Here, he focuses on what should happen after that foundation of Christ has been laid. Once the foundation is laid, you don’t just stop there; you add more to that. You have to anchor to that foundation, but you keep building and keep learning additional stuff and teachers teach additional doctrine.

I think Paul was making the point that whatever else is taught that builds on the foundation of Christ needs to be good and valuable and lasting so that when the trials come (as they always do) we can endure through it.   

Paul suggests different building materials people might use in their building—gold, silver, precious stones, wood, hay, stubble—and compares that to various types of doctrines that could be taught, then says the fire will try every man’s work. 
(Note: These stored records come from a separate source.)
definition mixture :: "real \<Rightarrow> nat \<Rightarrow> nat \<Rightarrow> nat \<Rightarrow> datasets pmf" where
  "mixture \<epsilon> n N \<sigma> = pmf_of_set {1..N} \<bind> (\<lambda>tstar. Pi_pmf {1..N} (\<lambda>_. (x1, 0))
     (\<lambda>t. if t = tstar then iid n (Psig \<epsilon> \<sigma>) else iid n Qdist))"

definition lik :: "real \<Rightarrow> nat \<Rightarrow> nat \<Rightarrow> nat \<Rightarrow> datasets \<Rightarrow> real" where
  "lik \<epsilon> n \<sigma> t Z = (\<Prod>i<n. lr \<epsilon> \<sigma> (Z t i))"

lemma joint_eq_mixture:
  "joint \<epsilon> n N = pmf_of_set {0, 1} \<bind> (\<lambda>\<sigma>. map_pmf (Pair \<sigma>) (mixture \<epsilon> n N \<sigma>))"
  by (simp add: joint_def mixture_def map_pmf_def bind_assoc_pmf bind_return_pmf)

lemma finite_set_pmf_iid:
  "finite (set_pmf (iid n (Psig \<epsilon> \<sigma>)))" "finite (set_pmf (iid n Qdist))"
  unfolding iid_def Psig_def Qdist_def
  by (auto intro!: finite_set_pmf_Pi_pmf finite_set_pmf_at_x1)

lemma finite_set_pmf_null_law: "finite (set_pmf (null_law n N))"
  unfolding null_law_def by (auto intro!: finite_set_pmf_Pi_pmf finite_set_pmf_iid)

lemma finite_set_pmf_mixture: "finite (set_pmf (mixture \<epsilon> n N \<sigma>))"
  unfolding mixture_def
  by (cases "N = 0") (auto intro!: finite_set_pmf_Pi_pmf finite_set_pmf_iid simp: set_pmf_of_set)

lemma pmf_iid_Psig_density:
  assumes "\<bar>\<epsilon>\<bar> \<le> 1/2"
  shows "pmf (iid n (Psig \<epsilon> \<sigma>)) D = pmf (iid n Qdist) D * (\<Prod>i<n. lr \<epsilon> \<sigma> (D i))"
  unfolding iid_def by (rule pmf_Pi_pmf_density) (simp_all add: pmf_Psig_density[OF assms])

lemma pmf_mixture_density:
  assumes "\<bar>\<epsilon>\<bar> \<le> 1/2" and "0 < N"
  shows "pmf (mixture \<epsilon> n N \<sigma>) Z = pmf (null_law n N) Z * ((\<Sum>t=1..N. lik \<epsilon> n \<sigma> t Z) / N)"
proof -
  have planted: "pmf (Pi_pmf {1..N} (\<lambda>_. (x1, 0))
        (\<lambda>t. if t = tstar then iid n (Psig \<epsilon> \<sigma>) else iid n Qdist)) Z
      = pmf (null_law n N) Z * lik \<epsilon> n \<sigma> tstar Z" if "tstar \<in> {1..N}" for tstar
    unfolding null_law_def
    by (subst pmf_Pi_pmf_density[where q = "\<lambda>_. iid n Qdist"
          and w = "\<lambda>t D. if t = tstar then \<Prod>i<n. lr \<epsilon> \<sigma> (D i) else 1"])
       (use that in \<open>simp_all add: pmf_iid_Psig_density[OF assms(1)] lik_def\<close>)
  have "pmf (mixture \<epsilon> n N \<sigma>) Z = (\<Sum>tstar=1..N. pmf (Pi_pmf {1..N} (\<lambda>_. (x1, 0))
      (\<lambda>t. if t = tstar then iid n (Psig \<epsilon> \<sigma>) else iid n Qdist)) Z) / N"
    unfolding mixture_def using assms(2) by (subst pmf_bind_pmf_of_set) auto
  also have "\<dots> = (\<Sum>tstar=1..N. pmf (null_law n N) Z * lik \<epsilon> n \<sigma> tstar Z) / N"
    using planted by (intro arg_cong[where f = "\<lambda>x. x / N"] sum.cong) auto
  finally show ?thesis
    by (simp add: sum_distrib_left)
qed

lemma expectation_null_law_prod:
  fixes G :: "nat \<Rightarrow> sample \<Rightarrow> real"
  assumes "\<And>t s. 0 \<le> G t s"
  shows "measure_pmf.expectation (null_law n N) (\<lambda>Z. \<Prod>t\<in>{1..N}. \<Prod>i<n. G t (Z t i))
       = (\<Prod>t\<in>{1..N}. (measure_pmf.expectation Qdist (G t)) ^ n)"
proof -
  have "measure_pmf.expectation (iid n Qdist) (\<lambda>D. \<Prod>i<n. G t (D i))
      = (measure_pmf.expectation Qdist (G t)) ^ n" for t
    unfolding iid_def
    by (subst expectation_prod_Pi_pmf)
       (auto intro!: integrable_measure_pmf_finite simp: Qdist_def finite_set_pmf_at_x1 assms)
  then show ?thesis
    unfolding null_law_def
    by (subst expectation_prod_Pi_pmf)
       (auto intro!: integrable_measure_pmf_finite finite_set_pmf_iid prod_nonneg assms)
qed

lemma expectation_lik_mult_lik:
  assumes "\<bar>\<epsilon>\<bar> \<le> 1/2" and "t \<in> {1..N}" "t' \<in> {1..N}"
  shows "measure_pmf.expectation (null_law n N) (\<lambda>Z. lik \<epsilon> n a t Z * lik \<epsilon> n b t' Z)
       = (if t = t' then (1 + 4 * bias \<epsilon> a * bias \<epsilon> b) ^ n else 1)"
proof -
  define C where "C = 1 + 4 * bias \<epsilon> a * bias \<epsilon> b"
  define G where "G = (\<lambda>u s. (if u = t then lr \<epsilon> a s else 1) * (if u = t' then lr \<epsilon> b s else 1))"
  have "(\<Prod>u\<in>{1..N}. \<Prod>i<n. G u (Z u i))
      = (\<Prod>u\<in>{1..N}. (if u = t then lik \<epsilon> n a t Z else 1) * (if u = t' then lik \<epsilon> n b t' Z else 1))" for Z
    by (intro prod.cong) (auto simp: G_def lik_def prod.distrib)
  then have "lik \<epsilon> n a t Z * lik \<epsilon> n b t' Z = (\<Prod>u\<in>{1..N}. \<Prod>i<n. G u (Z u i))" for Z
    using assms(2,3) by (simp add: prod.distrib prod.delta)
  then have "measure_pmf.expectation (null_law n N) (\<lambda>Z. lik \<epsilon> n a t Z * lik \<epsilon> n b t' Z)
      = measure_pmf.expectation (null_law n N) (\<lambda>Z. \<Prod>u\<in>{1..N}. \<Prod>i<n. G u (Z u i))"
    by presburger
  also have "\<dots> = (\<Prod>u\<in>{1..N}. (measure_pmf.expectation Qdist (G u)) ^ n)"
    by (rule expectation_null_law_prod) (simp add: G_def lr_def)
  also have "\<dots> = (\<Prod>u\<in>{1..N}. if u = t \<and> u = t' then C ^ n else 1)"
  proof (intro prod.cong refl)
    fix u
    show "(measure_pmf.expectation Qdist (G u)) ^ n = (if u = t \<and> u = t' then C ^ n else 1)"
      by (cases "u = t"; cases "u = t'")
         (simp_all add: G_def C_def expectation_lr_mult_lr[OF assms(1)] expectation_lr[OF assms(1)])
  qed
  also have "\<dots> = (if t = t' then C ^ n else 1)"
    using assms(2) by (cases "t = t'") (auto simp: prod.delta intro: prod.neutral)
  finally show ?thesis
    unfolding C_def .
qed

lemma expectation_mixture_density_diff_sq:
  assumes "\<bar>\<epsilon>\<bar> \<le> 1/2" and "0 < N"
  shows "measure_pmf.expectation (null_law n N)
      (\<lambda>Z. ((\<Sum>t=1..N. lik \<epsilon> n 0 t Z) / N - (\<Sum>t=1..N. lik \<epsilon> n 1 t Z) / N)\<^sup>2)
    = 2 * ((1 + 4 * \<epsilon>\<^sup>2) ^ n - (1 - 4 * \<epsilon>\<^sup>2) ^ n) / N"
proof -
  let ?E = "measure_pmf.expectation (null_law n N)"
  define K where "K = 2 * ((1 + 4 * \<epsilon>\<^sup>2) ^ n - (1 - 4 * \<epsilon>\<^sup>2) ^ n)"
  define d where "d t Z = lik \<epsilon> n 0 t Z - lik \<epsilon> n 1 t Z" for t Z
  have int: "integrable (null_law n N) f" for f :: "datasets \<Rightarrow> real"
    by (rule integrable_measure_pmf_finite[OF finite_set_pmf_null_law])
  have cross: "?E (\<lambda>Z. d t Z * d t' Z) = (if t = t' then K else 0)"
    if "t \<in> {1..N}" "t' \<in> {1..N}" for t t'
  proof -
    have "?E (\<lambda>Z. d t Z * d t' Z)
        = ?E (\<lambda>Z. lik \<epsilon> n 0 t Z * lik \<epsilon> n 0 t' Z) - ?E (\<lambda>Z. lik \<epsilon> n 0 t Z * lik \<epsilon> n 1 t' Z)
          - ?E (\<lambda>Z. lik \<epsilon> n 1 t Z * lik \<epsilon> n 0 t' Z) + ?E (\<lambda>Z. lik \<epsilon> n 1 t Z * lik \<epsilon> n 1 t' Z)"
      by (simp add: d_def algebra_simps int)
    then show ?thesis
      by (simp add: expectation_lik_mult_lik[OF assms(1) that] bias_def K_def power2_eq_square mult.assoc)
  qed
  have "((\<Sum>t=1..N. lik \<epsilon> n 0 t Z) / N - (\<Sum>t=1..N. lik \<epsilon> n 1 t Z) / N)\<^sup>2
      = (\<Sum>t=1..N. \<Sum>t'=1..N. d t Z * d t' Z) / (real N)\<^sup>2" for Z
    unfolding power_divide power2_eq_square sum_product[symmetric]
    by (simp add: d_def sum_subtractf flip: diff_divide_distrib)
  then have "?E (\<lambda>Z. ((\<Sum>t=1..N. lik \<epsilon> n 0 t Z) / N - (\<Sum>t=1..N. lik \<epsilon> n 1 t Z) / N)\<^sup>2)
      = (\<Sum>t=1..N. \<Sum>t'=1..N. ?E (\<lambda>Z. d t Z * d t' Z)) / (real N)\<^sup>2"
    by (simp add: int)
  also have "\<dots> = (\<Sum>t=1..N. K) / (real N)\<^sup>2"
  proof -
    have "(\<Sum>t'=1..N. ?E (\<lambda>Z. d t Z * d t' Z)) = K" if "t \<in> {1..N}" for t
    proof -
      have "(\<Sum>t'=1..N. ?E (\<lambda>Z. d t Z * d t' Z)) = (\<Sum>t'=1..N. if t = t' then K else 0)"
        using that by (intro sum.cong) (simp_all add: cross)
      then show ?thesis
        using that by simp
    qed
    then show ?thesis
      by simp
  qed
  also have "\<dots> = K / N"
    using assms(2) by (simp add: power2_eq_square)
  finally show ?thesis
    unfolding K_def .
qed

lemma prob_two_point_error:
  fixes M :: "nat \<Rightarrow> 'a pmf" and A :: "'a \<Rightarrow> xpt \<Rightarrow> nat"
  assumes "\<And>\<sigma>. finite (set_pmf (M \<sigma>))" and "\<forall>Z. A Z \<in> hclass c"
  shows "measure_pmf.prob (pmf_of_set {0, 1} \<bind> (\<lambda>\<sigma>. map_pmf (Pair \<sigma>) (M \<sigma>)))
      {(\<sigma>, Z). A Z \<noteq> hyp c \<sigma>}
    = (1 - (measure_pmf.prob (M 0) {Z. A Z = hyp c 0} - measure_pmf.prob (M 1) {Z. A Z = hyp c 0})) / 2"
proof -
  let ?S = "{Z. A Z = hyp c 0}"
  have "hyp c 0 \<noteq> hyp c 1"
    by (auto simp: hyp_def fun_eq_iff)
  then have wrong1: "{Z. A Z \<noteq> hyp c 1} = ?S"
    using assms(2) by (auto simp: hclass_def)
  let ?Err = "{(\<sigma>, Z). A Z \<noteq> hyp c \<sigma>}"
  let ?J = "pmf_of_set {0, 1} \<bind> (\<lambda>\<sigma>. map_pmf (Pair \<sigma>) (M \<sigma>))"
  have "measure_pmf.prob ?J ?Err = measure_pmf.expectation ?J (indicator ?Err)"
    by simp
  also have "\<dots> = (measure_pmf.prob (M 0) (- ?S) + measure_pmf.prob (M 1) {Z. A Z \<noteq> hyp c 1}) / 2"
    by (subst pmf_expectation_bind_pmf_of_set)
       (auto simp: assms(1) vimage_def Compl_eq add_divide_distrib)
  also have "\<dots> = (1 - (measure_pmf.prob (M 0) ?S - measure_pmf.prob (M 1) ?S)) / 2"
    unfolding wrong1 Compl_eq_Diff_UNIV using measure_pmf.prob_compl[of ?S "M 0"] by simp
  finally show ?thesis .
qed

lemma one_add_four_eps_sq_power_le:
  assumes "0 < \<delta>" and "\<delta> < 1" and "\<epsilon> = sqrt (ln (1 / \<delta>) / real n)"
  shows "(1 + 4 * \<epsilon>\<^sup>2) ^ n \<le> (1 / \<delta>) ^ 4"
proof (cases "n = 0")
  case True
  then show ?thesis
    using assms(1,2) by simp
next
  case False
  have "\<epsilon>\<^sup>2 = ln (1 / \<delta>) / n"
    using assms by simp
  have "(1 + 4 * \<epsilon>\<^sup>2) ^ n \<le> exp (4 * \<epsilon>\<^sup>2) ^ n"
    by (intro power_mono) (auto intro: exp_ge_add_one_self)
  also have "\<dots> = exp (4 * ln (1 / \<delta>))"
    using False by (simp add: \<open>\<epsilon>\<^sup>2 = ln (1 / \<delta>) / n\<close> flip: exp_of_nat_mult)
  also have "\<dots> = (1 / \<delta>) ^ 4"
    using assms(1) by (simp add: exp_of_nat_mult[of 4, simplified])
  finally show ?thesis .
qed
We can eyeball each of those materials Paul lists and have an idea of how they would stand up to fire. Gold and silver will still remain, although, depending on how hot the fire gets, they may melt. Precious stones will melt at a very high temperature and pressure, but I don’t know if Paul knew that. Perhaps he considered them most enduring. They certainly wouldn’t be completely burned; they’d just change to a different sort of form that would handle it better.   Now, wood, hay, and stubble would most obviously go up in flames immediately, so they wouldn’t be the best building material to build with if one expects to go through fire.  I suspect Paul meant for gold, silver, and precious stones to represent doctrines that are valuable and lasting.

This is a pretty good analogy for the importance of teaching good, solid doctrine because that will get through the fire and result in a reward instead of loss.   A modern-day way of teaching the same principle is that we want to teach nourishing doctrines of milk and meat, rather than
what is sometimes called “doctrinal twinkies” or “fried froth,” because when a famine of the Word hits the world, the twinkies and fried froth are going to leave us feeling malnourished and empty.

Sooner or later, the principles we’ve learned or taught will be tested by temptation or tribulation or persecution, so if we have to have that foundation of Christ and then solid, edifying doctrines to stand up to it. Otherwise things collapse, and it is really hard to rebuild in the middle of a storm or fire.    I’ve heard stories of people who have had to rebuild their faith in the middle of a tribulation, and my heart goes out to them. It’s possible, but it is very hard.